PROBLEM DESCRIPTION: Begin at the top of the following data. Copy each line exactly until you have copied the line containing "define P where".
__________________________________________________
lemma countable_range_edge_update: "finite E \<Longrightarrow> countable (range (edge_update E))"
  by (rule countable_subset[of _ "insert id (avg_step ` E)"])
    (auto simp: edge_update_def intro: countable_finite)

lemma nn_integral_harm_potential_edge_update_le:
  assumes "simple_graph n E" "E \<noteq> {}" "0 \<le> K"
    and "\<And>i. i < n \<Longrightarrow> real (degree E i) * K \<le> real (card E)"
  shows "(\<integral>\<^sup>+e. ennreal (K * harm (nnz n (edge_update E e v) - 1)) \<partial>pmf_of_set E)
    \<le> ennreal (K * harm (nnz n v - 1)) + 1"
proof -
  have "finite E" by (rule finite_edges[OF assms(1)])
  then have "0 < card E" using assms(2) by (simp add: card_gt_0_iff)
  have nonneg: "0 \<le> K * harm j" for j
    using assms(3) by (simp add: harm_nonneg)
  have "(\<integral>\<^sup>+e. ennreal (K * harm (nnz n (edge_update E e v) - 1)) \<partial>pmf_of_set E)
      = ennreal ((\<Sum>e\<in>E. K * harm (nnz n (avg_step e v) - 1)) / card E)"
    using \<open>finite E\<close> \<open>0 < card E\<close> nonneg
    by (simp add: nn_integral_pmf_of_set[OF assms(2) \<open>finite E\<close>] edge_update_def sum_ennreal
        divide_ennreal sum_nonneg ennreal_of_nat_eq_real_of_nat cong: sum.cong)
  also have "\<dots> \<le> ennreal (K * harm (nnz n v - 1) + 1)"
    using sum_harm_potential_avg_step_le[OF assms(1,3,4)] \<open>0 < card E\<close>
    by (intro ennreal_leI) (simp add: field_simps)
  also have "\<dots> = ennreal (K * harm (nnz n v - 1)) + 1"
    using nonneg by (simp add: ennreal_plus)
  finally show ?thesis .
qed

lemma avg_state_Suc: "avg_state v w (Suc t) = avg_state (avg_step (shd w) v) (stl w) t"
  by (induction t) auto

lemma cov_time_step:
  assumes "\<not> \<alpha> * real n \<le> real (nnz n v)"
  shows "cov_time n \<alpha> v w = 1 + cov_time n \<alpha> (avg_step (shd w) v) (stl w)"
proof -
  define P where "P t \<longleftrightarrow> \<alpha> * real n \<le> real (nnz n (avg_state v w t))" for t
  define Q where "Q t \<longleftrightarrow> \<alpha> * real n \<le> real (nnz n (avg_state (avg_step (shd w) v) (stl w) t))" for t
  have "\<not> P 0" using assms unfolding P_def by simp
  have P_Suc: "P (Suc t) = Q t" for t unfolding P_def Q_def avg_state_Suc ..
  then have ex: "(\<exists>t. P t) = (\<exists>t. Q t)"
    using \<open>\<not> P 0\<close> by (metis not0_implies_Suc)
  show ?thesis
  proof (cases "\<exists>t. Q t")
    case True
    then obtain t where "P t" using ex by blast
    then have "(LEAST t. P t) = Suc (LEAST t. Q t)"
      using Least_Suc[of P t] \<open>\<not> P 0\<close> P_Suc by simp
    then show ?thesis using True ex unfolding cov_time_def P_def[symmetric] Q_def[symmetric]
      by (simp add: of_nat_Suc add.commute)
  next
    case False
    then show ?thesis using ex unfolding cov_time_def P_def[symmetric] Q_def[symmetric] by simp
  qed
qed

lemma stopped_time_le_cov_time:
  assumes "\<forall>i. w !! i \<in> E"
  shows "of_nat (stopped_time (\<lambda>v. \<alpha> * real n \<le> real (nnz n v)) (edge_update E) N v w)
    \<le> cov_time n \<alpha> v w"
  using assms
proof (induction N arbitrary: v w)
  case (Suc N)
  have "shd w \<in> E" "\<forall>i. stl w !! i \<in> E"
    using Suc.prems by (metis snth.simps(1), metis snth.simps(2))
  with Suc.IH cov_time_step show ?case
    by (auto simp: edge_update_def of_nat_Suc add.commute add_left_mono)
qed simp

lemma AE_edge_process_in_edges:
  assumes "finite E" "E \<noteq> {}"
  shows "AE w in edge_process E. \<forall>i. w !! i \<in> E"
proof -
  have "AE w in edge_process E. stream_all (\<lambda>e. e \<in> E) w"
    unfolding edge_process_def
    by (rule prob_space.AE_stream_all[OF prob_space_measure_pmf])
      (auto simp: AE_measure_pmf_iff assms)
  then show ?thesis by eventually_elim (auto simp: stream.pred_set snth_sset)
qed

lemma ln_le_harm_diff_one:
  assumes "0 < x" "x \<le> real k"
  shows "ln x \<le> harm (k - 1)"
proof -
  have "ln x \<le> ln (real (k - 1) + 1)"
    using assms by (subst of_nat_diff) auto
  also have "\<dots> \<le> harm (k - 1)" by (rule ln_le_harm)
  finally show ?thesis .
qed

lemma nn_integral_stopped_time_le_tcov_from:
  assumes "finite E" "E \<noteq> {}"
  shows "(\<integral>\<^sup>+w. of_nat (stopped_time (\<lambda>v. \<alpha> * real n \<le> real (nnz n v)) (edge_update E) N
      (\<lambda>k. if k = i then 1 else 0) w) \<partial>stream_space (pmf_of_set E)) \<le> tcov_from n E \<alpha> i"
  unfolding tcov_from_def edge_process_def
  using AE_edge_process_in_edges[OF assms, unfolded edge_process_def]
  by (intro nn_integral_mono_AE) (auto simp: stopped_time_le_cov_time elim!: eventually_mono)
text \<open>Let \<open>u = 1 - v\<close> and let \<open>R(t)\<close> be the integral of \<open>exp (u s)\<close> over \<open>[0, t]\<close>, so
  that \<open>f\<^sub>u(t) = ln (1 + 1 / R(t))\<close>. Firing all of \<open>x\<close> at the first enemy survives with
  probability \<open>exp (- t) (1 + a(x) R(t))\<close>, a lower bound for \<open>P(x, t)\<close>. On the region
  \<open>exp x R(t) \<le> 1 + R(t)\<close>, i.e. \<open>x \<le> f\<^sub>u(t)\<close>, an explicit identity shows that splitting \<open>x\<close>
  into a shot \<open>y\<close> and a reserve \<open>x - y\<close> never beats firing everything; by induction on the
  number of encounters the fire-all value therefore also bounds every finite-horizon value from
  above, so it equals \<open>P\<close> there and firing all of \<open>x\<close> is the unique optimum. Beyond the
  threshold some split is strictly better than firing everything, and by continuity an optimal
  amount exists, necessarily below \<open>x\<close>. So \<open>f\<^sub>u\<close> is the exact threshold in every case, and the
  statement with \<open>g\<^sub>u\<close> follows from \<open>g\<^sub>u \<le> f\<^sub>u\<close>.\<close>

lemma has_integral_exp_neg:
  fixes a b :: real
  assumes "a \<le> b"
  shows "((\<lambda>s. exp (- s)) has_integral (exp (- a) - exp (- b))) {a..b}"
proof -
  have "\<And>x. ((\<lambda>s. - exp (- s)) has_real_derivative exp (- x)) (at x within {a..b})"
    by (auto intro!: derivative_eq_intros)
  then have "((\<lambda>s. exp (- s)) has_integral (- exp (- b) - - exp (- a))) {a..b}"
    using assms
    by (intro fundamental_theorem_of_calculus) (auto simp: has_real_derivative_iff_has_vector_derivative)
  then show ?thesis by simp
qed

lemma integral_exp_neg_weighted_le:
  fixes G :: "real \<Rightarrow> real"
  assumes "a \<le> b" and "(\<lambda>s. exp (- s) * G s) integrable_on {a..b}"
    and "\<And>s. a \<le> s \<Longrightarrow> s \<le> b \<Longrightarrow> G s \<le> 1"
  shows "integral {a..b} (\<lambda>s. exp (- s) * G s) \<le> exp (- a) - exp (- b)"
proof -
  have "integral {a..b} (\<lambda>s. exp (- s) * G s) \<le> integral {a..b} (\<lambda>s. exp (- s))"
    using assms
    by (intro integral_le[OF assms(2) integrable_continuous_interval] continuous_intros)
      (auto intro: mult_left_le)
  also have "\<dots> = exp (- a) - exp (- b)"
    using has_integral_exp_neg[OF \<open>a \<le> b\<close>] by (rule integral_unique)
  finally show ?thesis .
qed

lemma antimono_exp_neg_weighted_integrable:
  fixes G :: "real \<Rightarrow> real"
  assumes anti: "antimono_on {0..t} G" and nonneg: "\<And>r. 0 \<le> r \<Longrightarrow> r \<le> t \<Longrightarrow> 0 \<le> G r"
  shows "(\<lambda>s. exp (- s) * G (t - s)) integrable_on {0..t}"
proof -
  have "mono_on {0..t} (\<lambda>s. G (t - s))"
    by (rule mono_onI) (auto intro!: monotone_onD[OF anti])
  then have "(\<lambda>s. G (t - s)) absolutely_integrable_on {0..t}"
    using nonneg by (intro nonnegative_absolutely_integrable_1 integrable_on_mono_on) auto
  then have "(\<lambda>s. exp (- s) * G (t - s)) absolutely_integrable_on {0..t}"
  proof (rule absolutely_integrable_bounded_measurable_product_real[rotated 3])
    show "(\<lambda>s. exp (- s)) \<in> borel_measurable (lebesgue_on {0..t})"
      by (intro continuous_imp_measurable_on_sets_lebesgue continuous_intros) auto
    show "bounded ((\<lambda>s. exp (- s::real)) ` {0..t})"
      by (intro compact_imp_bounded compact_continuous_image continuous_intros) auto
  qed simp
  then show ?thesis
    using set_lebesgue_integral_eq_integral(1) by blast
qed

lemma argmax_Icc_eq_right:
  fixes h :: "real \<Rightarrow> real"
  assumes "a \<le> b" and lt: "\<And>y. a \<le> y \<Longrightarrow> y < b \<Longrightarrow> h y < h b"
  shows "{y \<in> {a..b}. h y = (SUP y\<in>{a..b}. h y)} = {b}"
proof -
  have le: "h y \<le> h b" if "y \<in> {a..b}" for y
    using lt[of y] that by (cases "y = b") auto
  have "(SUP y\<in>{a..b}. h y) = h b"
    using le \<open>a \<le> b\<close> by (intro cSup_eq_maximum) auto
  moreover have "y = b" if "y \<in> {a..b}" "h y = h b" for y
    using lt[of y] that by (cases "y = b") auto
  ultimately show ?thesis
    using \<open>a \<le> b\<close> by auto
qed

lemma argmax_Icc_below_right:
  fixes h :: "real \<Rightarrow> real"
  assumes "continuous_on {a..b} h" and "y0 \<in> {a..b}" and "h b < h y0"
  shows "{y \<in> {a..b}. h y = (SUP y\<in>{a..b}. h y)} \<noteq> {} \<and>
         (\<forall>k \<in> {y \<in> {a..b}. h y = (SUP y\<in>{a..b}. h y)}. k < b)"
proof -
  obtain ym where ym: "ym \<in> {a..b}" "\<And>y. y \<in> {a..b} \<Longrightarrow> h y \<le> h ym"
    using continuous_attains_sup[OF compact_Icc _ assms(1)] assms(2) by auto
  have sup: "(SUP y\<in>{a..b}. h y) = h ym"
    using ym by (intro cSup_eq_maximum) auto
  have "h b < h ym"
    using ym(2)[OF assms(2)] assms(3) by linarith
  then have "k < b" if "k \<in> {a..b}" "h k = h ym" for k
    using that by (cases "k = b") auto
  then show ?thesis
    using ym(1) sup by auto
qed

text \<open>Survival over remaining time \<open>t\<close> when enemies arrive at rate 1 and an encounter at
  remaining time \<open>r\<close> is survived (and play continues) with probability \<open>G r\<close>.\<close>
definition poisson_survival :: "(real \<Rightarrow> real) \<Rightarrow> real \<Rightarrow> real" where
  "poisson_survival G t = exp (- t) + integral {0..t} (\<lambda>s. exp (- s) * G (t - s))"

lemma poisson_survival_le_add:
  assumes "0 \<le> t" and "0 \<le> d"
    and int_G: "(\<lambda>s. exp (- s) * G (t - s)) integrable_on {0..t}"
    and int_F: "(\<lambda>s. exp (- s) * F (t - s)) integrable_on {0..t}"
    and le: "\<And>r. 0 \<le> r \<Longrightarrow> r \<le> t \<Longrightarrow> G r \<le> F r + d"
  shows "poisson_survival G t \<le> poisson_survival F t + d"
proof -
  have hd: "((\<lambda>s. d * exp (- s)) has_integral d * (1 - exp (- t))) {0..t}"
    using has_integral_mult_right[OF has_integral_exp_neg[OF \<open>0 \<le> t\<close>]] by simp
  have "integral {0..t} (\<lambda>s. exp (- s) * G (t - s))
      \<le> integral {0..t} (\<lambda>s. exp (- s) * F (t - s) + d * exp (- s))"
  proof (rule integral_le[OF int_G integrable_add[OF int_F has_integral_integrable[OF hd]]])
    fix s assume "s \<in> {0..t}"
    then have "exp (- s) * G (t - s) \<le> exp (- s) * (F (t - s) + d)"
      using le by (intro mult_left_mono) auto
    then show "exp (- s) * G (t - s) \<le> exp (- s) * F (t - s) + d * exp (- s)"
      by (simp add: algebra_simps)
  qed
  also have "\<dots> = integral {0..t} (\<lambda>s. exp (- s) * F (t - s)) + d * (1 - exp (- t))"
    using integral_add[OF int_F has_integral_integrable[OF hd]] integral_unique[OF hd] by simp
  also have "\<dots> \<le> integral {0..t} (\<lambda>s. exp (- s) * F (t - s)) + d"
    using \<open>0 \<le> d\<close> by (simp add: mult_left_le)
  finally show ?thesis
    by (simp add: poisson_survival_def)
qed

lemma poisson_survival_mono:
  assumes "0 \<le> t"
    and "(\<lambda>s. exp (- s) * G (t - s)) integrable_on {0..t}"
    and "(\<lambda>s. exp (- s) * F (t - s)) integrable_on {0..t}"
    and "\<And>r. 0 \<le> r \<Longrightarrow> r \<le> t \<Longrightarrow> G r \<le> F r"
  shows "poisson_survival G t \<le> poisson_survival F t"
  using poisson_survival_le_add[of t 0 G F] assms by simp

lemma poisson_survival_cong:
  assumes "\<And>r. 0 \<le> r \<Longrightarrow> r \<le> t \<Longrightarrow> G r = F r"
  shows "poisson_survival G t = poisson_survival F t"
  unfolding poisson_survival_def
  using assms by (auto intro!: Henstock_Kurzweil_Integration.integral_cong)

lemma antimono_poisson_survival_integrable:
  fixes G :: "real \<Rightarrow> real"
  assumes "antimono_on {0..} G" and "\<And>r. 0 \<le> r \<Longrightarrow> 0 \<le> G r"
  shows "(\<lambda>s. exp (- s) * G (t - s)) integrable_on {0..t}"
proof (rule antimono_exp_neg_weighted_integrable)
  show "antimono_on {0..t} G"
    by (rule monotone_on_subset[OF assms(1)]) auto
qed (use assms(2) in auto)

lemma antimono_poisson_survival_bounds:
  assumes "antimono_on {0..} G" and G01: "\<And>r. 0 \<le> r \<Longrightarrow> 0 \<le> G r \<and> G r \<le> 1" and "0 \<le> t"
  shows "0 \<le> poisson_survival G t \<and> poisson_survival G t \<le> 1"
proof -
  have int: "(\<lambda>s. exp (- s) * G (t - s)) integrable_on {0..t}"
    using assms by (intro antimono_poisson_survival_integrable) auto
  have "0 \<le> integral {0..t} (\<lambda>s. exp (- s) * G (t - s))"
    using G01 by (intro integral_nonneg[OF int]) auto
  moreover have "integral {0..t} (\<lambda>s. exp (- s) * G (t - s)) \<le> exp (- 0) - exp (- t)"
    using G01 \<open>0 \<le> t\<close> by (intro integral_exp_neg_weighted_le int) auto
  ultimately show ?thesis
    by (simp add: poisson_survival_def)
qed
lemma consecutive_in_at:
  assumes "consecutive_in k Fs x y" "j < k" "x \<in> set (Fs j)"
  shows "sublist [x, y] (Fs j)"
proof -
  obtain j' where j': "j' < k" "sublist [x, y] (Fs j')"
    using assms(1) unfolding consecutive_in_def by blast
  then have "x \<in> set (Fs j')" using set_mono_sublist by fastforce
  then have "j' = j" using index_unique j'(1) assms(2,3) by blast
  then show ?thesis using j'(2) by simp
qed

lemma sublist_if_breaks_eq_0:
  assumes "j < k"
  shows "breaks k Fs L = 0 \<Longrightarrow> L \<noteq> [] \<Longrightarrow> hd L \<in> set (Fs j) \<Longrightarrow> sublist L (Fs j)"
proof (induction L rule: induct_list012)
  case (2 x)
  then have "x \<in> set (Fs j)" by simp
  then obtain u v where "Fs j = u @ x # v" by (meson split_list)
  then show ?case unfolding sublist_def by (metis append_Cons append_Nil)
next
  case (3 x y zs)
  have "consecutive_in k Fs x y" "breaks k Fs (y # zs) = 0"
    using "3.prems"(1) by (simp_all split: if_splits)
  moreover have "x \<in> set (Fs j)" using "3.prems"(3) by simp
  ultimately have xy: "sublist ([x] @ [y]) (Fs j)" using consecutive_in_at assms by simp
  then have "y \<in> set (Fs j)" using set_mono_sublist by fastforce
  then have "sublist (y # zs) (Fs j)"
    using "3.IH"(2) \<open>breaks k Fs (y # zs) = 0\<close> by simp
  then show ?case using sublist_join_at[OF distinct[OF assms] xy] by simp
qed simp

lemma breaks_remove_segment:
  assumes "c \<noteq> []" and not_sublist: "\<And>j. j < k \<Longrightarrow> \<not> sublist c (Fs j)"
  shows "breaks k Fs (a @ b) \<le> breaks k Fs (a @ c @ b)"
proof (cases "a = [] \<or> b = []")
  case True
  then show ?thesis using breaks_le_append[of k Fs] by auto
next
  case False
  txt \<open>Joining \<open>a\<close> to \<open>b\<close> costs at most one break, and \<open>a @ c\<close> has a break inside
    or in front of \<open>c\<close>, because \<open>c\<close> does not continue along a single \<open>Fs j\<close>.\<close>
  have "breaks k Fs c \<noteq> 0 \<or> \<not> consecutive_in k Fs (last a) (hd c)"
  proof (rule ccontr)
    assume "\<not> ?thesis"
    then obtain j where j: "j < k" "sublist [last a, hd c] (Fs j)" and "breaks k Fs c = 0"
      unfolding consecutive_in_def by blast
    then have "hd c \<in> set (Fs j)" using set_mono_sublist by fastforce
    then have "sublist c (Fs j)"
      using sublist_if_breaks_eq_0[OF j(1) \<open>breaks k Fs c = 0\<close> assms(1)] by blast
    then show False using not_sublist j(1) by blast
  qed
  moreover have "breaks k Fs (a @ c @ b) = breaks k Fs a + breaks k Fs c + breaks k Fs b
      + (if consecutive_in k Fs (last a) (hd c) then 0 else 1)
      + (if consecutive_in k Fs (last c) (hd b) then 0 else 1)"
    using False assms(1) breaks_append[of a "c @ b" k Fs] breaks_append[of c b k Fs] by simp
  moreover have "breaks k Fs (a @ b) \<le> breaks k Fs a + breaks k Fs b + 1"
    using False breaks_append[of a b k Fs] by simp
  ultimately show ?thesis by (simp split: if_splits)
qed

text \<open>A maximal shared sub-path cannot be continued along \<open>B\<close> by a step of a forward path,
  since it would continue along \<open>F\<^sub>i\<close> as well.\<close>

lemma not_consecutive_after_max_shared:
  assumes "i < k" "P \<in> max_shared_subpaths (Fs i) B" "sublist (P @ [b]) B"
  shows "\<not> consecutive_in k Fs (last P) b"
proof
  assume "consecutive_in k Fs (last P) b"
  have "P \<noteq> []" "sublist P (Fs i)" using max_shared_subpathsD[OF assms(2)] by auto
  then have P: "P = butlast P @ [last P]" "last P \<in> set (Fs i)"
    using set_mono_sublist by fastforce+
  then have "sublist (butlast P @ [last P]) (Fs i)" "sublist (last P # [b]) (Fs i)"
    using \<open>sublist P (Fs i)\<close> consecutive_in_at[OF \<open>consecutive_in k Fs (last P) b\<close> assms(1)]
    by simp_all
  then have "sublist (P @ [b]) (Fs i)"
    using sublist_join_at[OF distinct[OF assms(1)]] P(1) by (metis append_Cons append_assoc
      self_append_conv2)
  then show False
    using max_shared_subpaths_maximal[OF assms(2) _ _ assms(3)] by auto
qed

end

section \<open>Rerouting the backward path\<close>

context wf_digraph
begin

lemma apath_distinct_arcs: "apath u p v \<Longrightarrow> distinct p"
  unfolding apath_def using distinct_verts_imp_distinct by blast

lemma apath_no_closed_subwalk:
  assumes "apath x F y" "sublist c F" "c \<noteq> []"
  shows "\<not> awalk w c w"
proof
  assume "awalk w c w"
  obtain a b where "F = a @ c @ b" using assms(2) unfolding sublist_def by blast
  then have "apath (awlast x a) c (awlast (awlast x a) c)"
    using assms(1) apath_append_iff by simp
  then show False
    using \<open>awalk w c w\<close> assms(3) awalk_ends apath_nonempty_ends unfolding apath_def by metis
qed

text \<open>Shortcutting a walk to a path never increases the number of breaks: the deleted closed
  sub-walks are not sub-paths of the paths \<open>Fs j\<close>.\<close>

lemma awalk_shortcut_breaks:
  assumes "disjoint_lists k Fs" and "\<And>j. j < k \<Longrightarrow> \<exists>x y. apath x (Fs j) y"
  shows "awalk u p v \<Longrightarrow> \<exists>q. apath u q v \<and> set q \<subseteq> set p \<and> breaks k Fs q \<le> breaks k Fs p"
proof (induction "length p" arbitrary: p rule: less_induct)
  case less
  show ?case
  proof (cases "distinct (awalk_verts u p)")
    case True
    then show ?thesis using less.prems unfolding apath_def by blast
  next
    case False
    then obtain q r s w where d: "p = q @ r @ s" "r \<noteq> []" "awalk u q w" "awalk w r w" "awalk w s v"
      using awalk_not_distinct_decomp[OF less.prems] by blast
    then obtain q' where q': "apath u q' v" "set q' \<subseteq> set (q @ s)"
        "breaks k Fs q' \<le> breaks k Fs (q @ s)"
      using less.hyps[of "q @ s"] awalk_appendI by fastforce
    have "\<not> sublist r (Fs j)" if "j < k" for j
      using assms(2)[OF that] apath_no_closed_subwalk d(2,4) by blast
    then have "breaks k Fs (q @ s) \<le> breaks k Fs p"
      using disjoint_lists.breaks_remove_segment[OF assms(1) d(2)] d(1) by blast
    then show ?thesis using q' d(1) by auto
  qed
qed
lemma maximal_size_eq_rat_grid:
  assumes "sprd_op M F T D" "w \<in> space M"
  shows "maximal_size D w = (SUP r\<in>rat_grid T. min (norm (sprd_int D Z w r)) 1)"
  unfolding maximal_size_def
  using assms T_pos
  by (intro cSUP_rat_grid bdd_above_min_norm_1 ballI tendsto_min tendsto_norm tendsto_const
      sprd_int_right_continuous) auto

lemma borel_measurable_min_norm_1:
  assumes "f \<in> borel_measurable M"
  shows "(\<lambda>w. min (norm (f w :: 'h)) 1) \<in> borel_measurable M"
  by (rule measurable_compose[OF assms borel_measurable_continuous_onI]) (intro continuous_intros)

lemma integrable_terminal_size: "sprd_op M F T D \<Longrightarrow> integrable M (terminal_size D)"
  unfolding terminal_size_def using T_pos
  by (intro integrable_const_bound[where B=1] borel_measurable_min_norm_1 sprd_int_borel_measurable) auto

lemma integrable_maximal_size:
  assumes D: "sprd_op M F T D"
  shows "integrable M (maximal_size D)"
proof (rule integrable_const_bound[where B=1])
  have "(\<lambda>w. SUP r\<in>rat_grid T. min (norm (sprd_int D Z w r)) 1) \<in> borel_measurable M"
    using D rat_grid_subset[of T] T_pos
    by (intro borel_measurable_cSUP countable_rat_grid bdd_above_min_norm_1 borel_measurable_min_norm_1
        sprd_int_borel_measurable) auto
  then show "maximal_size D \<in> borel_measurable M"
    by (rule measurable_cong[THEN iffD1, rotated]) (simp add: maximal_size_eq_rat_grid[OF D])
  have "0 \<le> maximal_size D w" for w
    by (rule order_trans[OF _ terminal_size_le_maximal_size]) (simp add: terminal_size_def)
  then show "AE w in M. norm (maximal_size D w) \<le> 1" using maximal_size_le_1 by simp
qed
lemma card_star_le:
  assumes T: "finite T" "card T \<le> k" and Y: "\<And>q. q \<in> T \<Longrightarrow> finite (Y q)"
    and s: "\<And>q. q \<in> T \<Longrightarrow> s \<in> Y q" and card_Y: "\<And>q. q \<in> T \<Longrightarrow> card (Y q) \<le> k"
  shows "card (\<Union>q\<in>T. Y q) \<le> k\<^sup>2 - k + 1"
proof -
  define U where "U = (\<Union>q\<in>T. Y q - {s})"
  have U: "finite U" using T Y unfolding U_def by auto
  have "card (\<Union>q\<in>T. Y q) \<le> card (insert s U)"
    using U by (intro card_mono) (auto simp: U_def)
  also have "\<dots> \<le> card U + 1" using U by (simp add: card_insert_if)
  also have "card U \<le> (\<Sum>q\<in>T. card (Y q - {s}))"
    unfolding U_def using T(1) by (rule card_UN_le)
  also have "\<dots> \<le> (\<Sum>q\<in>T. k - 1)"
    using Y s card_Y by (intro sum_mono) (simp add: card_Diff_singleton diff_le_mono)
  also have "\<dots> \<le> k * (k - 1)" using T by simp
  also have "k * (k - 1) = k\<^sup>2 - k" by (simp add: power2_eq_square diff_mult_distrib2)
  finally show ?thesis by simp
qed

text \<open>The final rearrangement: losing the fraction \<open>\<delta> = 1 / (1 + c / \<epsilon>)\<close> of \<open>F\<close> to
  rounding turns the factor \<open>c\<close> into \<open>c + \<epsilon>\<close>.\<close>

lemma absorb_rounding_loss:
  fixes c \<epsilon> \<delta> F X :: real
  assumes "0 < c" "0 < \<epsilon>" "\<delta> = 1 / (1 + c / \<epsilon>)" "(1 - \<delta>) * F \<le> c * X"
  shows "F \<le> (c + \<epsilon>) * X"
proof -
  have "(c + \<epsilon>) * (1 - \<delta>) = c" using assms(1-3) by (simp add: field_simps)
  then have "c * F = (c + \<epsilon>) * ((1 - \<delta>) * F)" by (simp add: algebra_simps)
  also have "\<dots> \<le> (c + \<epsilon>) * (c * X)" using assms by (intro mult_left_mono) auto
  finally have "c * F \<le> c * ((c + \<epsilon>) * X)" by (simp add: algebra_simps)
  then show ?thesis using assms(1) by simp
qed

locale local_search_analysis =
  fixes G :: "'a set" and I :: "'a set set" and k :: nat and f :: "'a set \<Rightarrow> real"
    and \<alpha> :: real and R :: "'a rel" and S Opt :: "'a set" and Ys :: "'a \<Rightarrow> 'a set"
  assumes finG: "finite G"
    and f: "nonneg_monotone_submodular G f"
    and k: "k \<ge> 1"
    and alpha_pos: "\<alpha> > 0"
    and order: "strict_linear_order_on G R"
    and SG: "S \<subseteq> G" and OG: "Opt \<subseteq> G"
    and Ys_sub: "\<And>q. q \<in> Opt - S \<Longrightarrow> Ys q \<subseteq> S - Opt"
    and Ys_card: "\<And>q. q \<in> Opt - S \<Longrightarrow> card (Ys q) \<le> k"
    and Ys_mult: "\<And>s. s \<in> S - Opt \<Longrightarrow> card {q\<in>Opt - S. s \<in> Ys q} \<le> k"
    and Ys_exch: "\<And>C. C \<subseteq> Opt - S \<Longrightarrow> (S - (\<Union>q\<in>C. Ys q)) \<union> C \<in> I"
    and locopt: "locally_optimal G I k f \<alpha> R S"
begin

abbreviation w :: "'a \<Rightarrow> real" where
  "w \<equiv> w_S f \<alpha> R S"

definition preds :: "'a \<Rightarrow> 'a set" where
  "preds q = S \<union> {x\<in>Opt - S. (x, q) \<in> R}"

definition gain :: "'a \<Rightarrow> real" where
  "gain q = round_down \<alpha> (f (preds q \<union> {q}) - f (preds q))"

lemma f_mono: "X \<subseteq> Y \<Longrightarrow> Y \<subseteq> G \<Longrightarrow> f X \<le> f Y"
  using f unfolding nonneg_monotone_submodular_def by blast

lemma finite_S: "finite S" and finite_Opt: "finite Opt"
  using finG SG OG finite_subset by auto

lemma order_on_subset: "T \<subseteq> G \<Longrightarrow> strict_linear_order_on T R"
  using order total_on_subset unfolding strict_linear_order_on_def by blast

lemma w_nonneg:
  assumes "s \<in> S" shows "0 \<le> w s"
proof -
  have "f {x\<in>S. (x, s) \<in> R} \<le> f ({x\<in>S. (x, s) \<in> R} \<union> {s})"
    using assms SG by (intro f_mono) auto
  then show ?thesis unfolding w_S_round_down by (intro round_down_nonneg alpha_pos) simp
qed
__________________________________________________
WORKED SOLUTION:
lemma countable_range_edge_update: "finite E \<Longrightarrow> countable (range (edge_update E))"
  by (rule countable_subset[of _ "insert id (avg_step ` E)"])
    (auto simp: edge_update_def intro: countable_finite)

lemma nn_integral_harm_potential_edge_update_le:
  assumes "simple_graph n E" "E \<noteq> {}" "0 \<le> K"
    and "\<And>i. i < n \<Longrightarrow> real (degree E i) * K \<le> real (card E)"
  shows "(\<integral>\<^sup>+e. ennreal (K * harm (nnz n (edge_update E e v) - 1)) \<partial>pmf_of_set E)
    \<le> ennreal (K * harm (nnz n v - 1)) + 1"
proof -
  have "finite E" by (rule finite_edges[OF assms(1)])
  then have "0 < card E" using assms(2) by (simp add: card_gt_0_iff)
  have nonneg: "0 \<le> K * harm j" for j
    using assms(3) by (simp add: harm_nonneg)
  have "(\<integral>\<^sup>+e. ennreal (K * harm (nnz n (edge_update E e v) - 1)) \<partial>pmf_of_set E)
      = ennreal ((\<Sum>e\<in>E. K * harm (nnz n (avg_step e v) - 1)) / card E)"
    using \<open>finite E\<close> \<open>0 < card E\<close> nonneg
    by (simp add: nn_integral_pmf_of_set[OF assms(2) \<open>finite E\<close>] edge_update_def sum_ennreal
        divide_ennreal sum_nonneg ennreal_of_nat_eq_real_of_nat cong: sum.cong)
  also have "\<dots> \<le> ennreal (K * harm (nnz n v - 1) + 1)"
    using sum_harm_potential_avg_step_le[OF assms(1,3,4)] \<open>0 < card E\<close>
    by (intro ennreal_leI) (simp add: field_simps)
  also have "\<dots> = ennreal (K * harm (nnz n v - 1)) + 1"
    using nonneg by (simp add: ennreal_plus)
  finally show ?thesis .
qed

lemma avg_state_Suc: "avg_state v w (Suc t) = avg_state (avg_step (shd w) v) (stl w) t"
  by (induction t) auto

lemma cov_time_step:
  assumes "\<not> \<alpha> * real n \<le> real (nnz n v)"
  shows "cov_time n \<alpha> v w = 1 + cov_time n \<alpha> (avg_step (shd w) v) (stl w)"
proof -
  define P where "P t \<longleftrightarrow> \<alpha> * real n \<le> real (nnz n (avg_state v w t))" for t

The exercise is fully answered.